▶ _Records for the exercise_:
lemma nn_integral_qcount_insert_minima:
  assumes po: "poset_on S gt" and card_S: "card S = Suc k" and x: "x \<in> S"
  shows "(\<integral>\<^sup>+t. (\<integral>\<^sup>+d. ennreal (real (qcount gt (qtree_bind t (insert_minima d x))))
            \<partial>measure_pmf (pmf_of_set {True, False})) \<partial>measure_pmf (minima_alg k (S - {x})))
    = (\<integral>\<^sup>+t. ennreal (real (qcount gt t)) \<partial>measure_pmf (minima_alg k (S - {x})))
      + ennreal (insertion_cost gt x (minimal_elements (S - {x}) gt))"
proof -
  let ?M = "minimal_elements (S - {x}) gt"
  have fin: "finite S"
    using card_S by (simp add: card_ge_0_finite)
  have "(\<integral>\<^sup>+d. ennreal (real (qcount gt (qtree_bind t (insert_minima d x))))
          \<partial>measure_pmf (pmf_of_set {True, False}))
        = ennreal (real (qcount gt t)) + ennreal (insertion_cost gt x ?M)"
    if t: "t \<in> set_pmf (minima_alg k (S - {x}))" for t
  proof -
    have "qresult gt t = ?M"
      using qresult_minima_alg[OF poset_on_subset[OF po Diff_subset] _ _ t] card_S fin x by simp
    then have "(\<integral>\<^sup>+d. ennreal (real (qcount gt (qtree_bind t (insert_minima d x))))
          \<partial>measure_pmf (pmf_of_set {True, False}))
        = ennreal (real (qcount gt t) + insertion_cost gt x ?M)"
      by (simp add: nn_integral_pmf_of_set qcount_qtree_bind insertion_cost_def field_simps
          ennreal_divide_numeral flip: ennreal_plus)
    then show ?thesis
      by (simp add: ennreal_plus insertion_cost_nonneg)
  qed
  then have "(\<integral>\<^sup>+t. (\<integral>\<^sup>+d. ennreal (real (qcount gt (qtree_bind t (insert_minima d x))))
            \<partial>measure_pmf (pmf_of_set {True, False})) \<partial>measure_pmf (minima_alg k (S - {x})))
    = (\<integral>\<^sup>+t. ennreal (real (qcount gt t)) + ennreal (insertion_cost gt x ?M)
            \<partial>measure_pmf (minima_alg k (S - {x})))"
    by (intro nn_integral_cong_AE) (simp add: AE_measure_pmf_iff)
  also have "\<dots> = (\<integral>\<^sup>+t. ennreal (real (qcount gt t)) \<partial>measure_pmf (minima_alg k (S - {x})))
      + ennreal (insertion_cost gt x ?M)"
    by (subst nn_integral_add) (auto simp: measure_pmf.emeasure_space_1)
  finally show ?thesis .
qed

lemma nn_integral_qcount_minima_alg_Suc:
  assumes po: "poset_on S gt" and card_S: "card S = Suc k"
  shows "(\<integral>\<^sup>+t. ennreal (real (qcount gt t)) \<partial>measure_pmf (minima_alg (Suc k) S))
    = (\<Sum>x\<in>S. (\<integral>\<^sup>+t. ennreal (real (qcount gt t)) \<partial>measure_pmf (minima_alg k (S - {x})))
         + ennreal (insertion_cost gt x (minimal_elements (S - {x}) gt))) / of_nat (Suc k)"
proof -
  have "finite S" "S \<noteq> {}"
    using card_S by (auto simp: card_ge_0_finite)
  then show ?thesis
    using nn_integral_qcount_insert_minima[OF po card_S] card_S
    by (simp add: nn_integral_pmf_of_set)
qed

lemma nn_integral_qcount_minima_alg_le:
  assumes "poset_on S gt" "width_le S gt w" "card S = k"
  shows "(\<integral>\<^sup>+t. ennreal (real (qcount gt t)) \<partial>measure_pmf (minima_alg k S)) \<le> ennreal (cost_bound w k)"
  using assms
proof (induction k arbitrary: S)
  case 0
  then show ?case by simp
next
  case (Suc k)
  let ?c = "\<lambda>x. insertion_cost gt x (minimal_elements (S - {x}) gt)"
  have IH: "(\<integral>\<^sup>+t. ennreal (real (qcount gt t)) \<partial>measure_pmf (minima_alg k (S - {x})))
      \<le> ennreal (cost_bound w k)" if "x \<in> S" for x
    using Suc.IH[of "S - {x}"] Suc.prems that
    by (simp add: poset_on_subset width_le_subset card_ge_0_finite)
  have "(\<integral>\<^sup>+t. ennreal (real (qcount gt t)) \<partial>measure_pmf (minima_alg (Suc k) S))
      \<le> (\<Sum>x\<in>S. ennreal (cost_bound w k) + ennreal (?c x)) / of_nat (Suc k)"
    unfolding nn_integral_qcount_minima_alg_Suc[OF Suc.prems(1,3)]
    by (intro divide_right_mono_ennreal sum_mono add_right_mono IH)
  also have "\<dots> = ennreal (\<Sum>x\<in>S. cost_bound w k + ?c x) / ennreal (real (Suc k))"
    by (simp add: cost_bound_nonneg insertion_cost_nonneg ennreal_of_nat_eq_real_of_nat
        flip: ennreal_plus)
  also have "\<dots> = ennreal ((\<Sum>x\<in>S. cost_bound w k + ?c x) / real (Suc k))"
    by (intro divide_ennreal sum_nonneg add_nonneg_nonneg cost_bound_nonneg insertion_cost_nonneg)
      simp
  also have "\<dots> \<le> ennreal (cost_bound w (Suc k))"
  proof (rule ennreal_leI)
    have "(\<Sum>x\<in>S. cost_bound w k + ?c x) \<le> real (Suc k) * cost_bound w k + real (Suc k) * step_bound w (Suc k)"
      using sum_insertion_cost_le[OF Suc.prems(1,2,3)] Suc.prems(3) by (simp add: sum.distrib)
    then show "(\<Sum>x\<in>S. cost_bound w k + ?c x) / real (Suc k) \<le> cost_bound w (Suc k)"
      by (simp add: cost_bound_Suc divide_le_eq field_simps)
  qed
  finally show ?case .
qed

section \<open>Solving the recurrence\<close>

lemma cost_bound_le_width: "m \<le> w \<Longrightarrow> cost_bound w m = real m * (real m - 1) / 2"
  by (induction m) (simp_all add: cost_bound_Suc step_bound_def field_simps)

lemma inverse_Suc_le_ln_diff:
  fixes x :: real
  assumes "0 < x"
  shows "1 / (x + 1) \<le> ln (x + 1) - ln x"
proof -
  have "ln (x / (x + 1)) \<le> x / (x + 1) - 1"
    using assms by (intro ln_le_minus_one) auto
  also have "\<dots> = - (1 / (x + 1))"
    using assms by (simp add: field_simps)
  finally show ?thesis
    using assms by (simp add: ln_div)
qed

lemma cost_bound_le_ln:
  assumes "1 \<le> w" "w \<le> n"
  shows "cost_bound w n
    \<le> (real w + 1) / 2 * real n - real w + real w * (real w - 1) / 2 * (ln (real n) - ln (real w))"
  using assms(2)
proof (induction n rule: dec_induct)
  case base
  then show ?case by (simp add: cost_bound_le_width field_simps)
next
  case (step n)
  define c where "c = real w * (real w - 1) / 2"
  have "1 / (real n + 1) \<le> ln (real n + 1) - ln (real n)"
    using step assms(1) by (intro inverse_Suc_le_ln_diff) simp
  moreover have "0 \<le> c"
    using assms(1) by (simp add: c_def)
  ultimately have "c * (1 / (real n + 1)) \<le> c * (ln (real n + 1) - ln (real n))"
    by (rule mult_left_mono)
  then have "c * (1 / (real n + 1)) \<le> c * ln (real n + 1) - c * ln (real n)"
    by (simp only: right_diff_distrib)
  moreover have "step_bound w (Suc n) = (real w + 1) / 2 + c * (1 / (real n + 1))"
    using step by (simp add: step_bound_def c_def field_simps)
  moreover have "cost_bound w n \<le> (real w + 1) / 2 * real n - real w + (c * ln (real n) - c * ln (real w))"
    using step.IH by (simp add: c_def right_diff_distrib)
  moreover have "(real w + 1) / 2 * (real n + 1) = (real w + 1) / 2 * real n + (real w + 1) / 2"
    by (simp add: distrib_left)
  ultimately have "cost_bound w (Suc n)
      \<le> (real w + 1) / 2 * (real n + 1) - real w + (c * ln (real n + 1) - c * ln (real w))"
    unfolding cost_bound_Suc by linarith
  then show ?case
    by (simp add: c_def right_diff_distrib add.commute)
qed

▶ _Your goal_: Reproduce every line in the records above that contains the word "rule".

▶ _Solution to this task_:
  proof (rule ennreal_leI)
proof (induction n rule: dec_induct)
    by (rule mult_left_mono)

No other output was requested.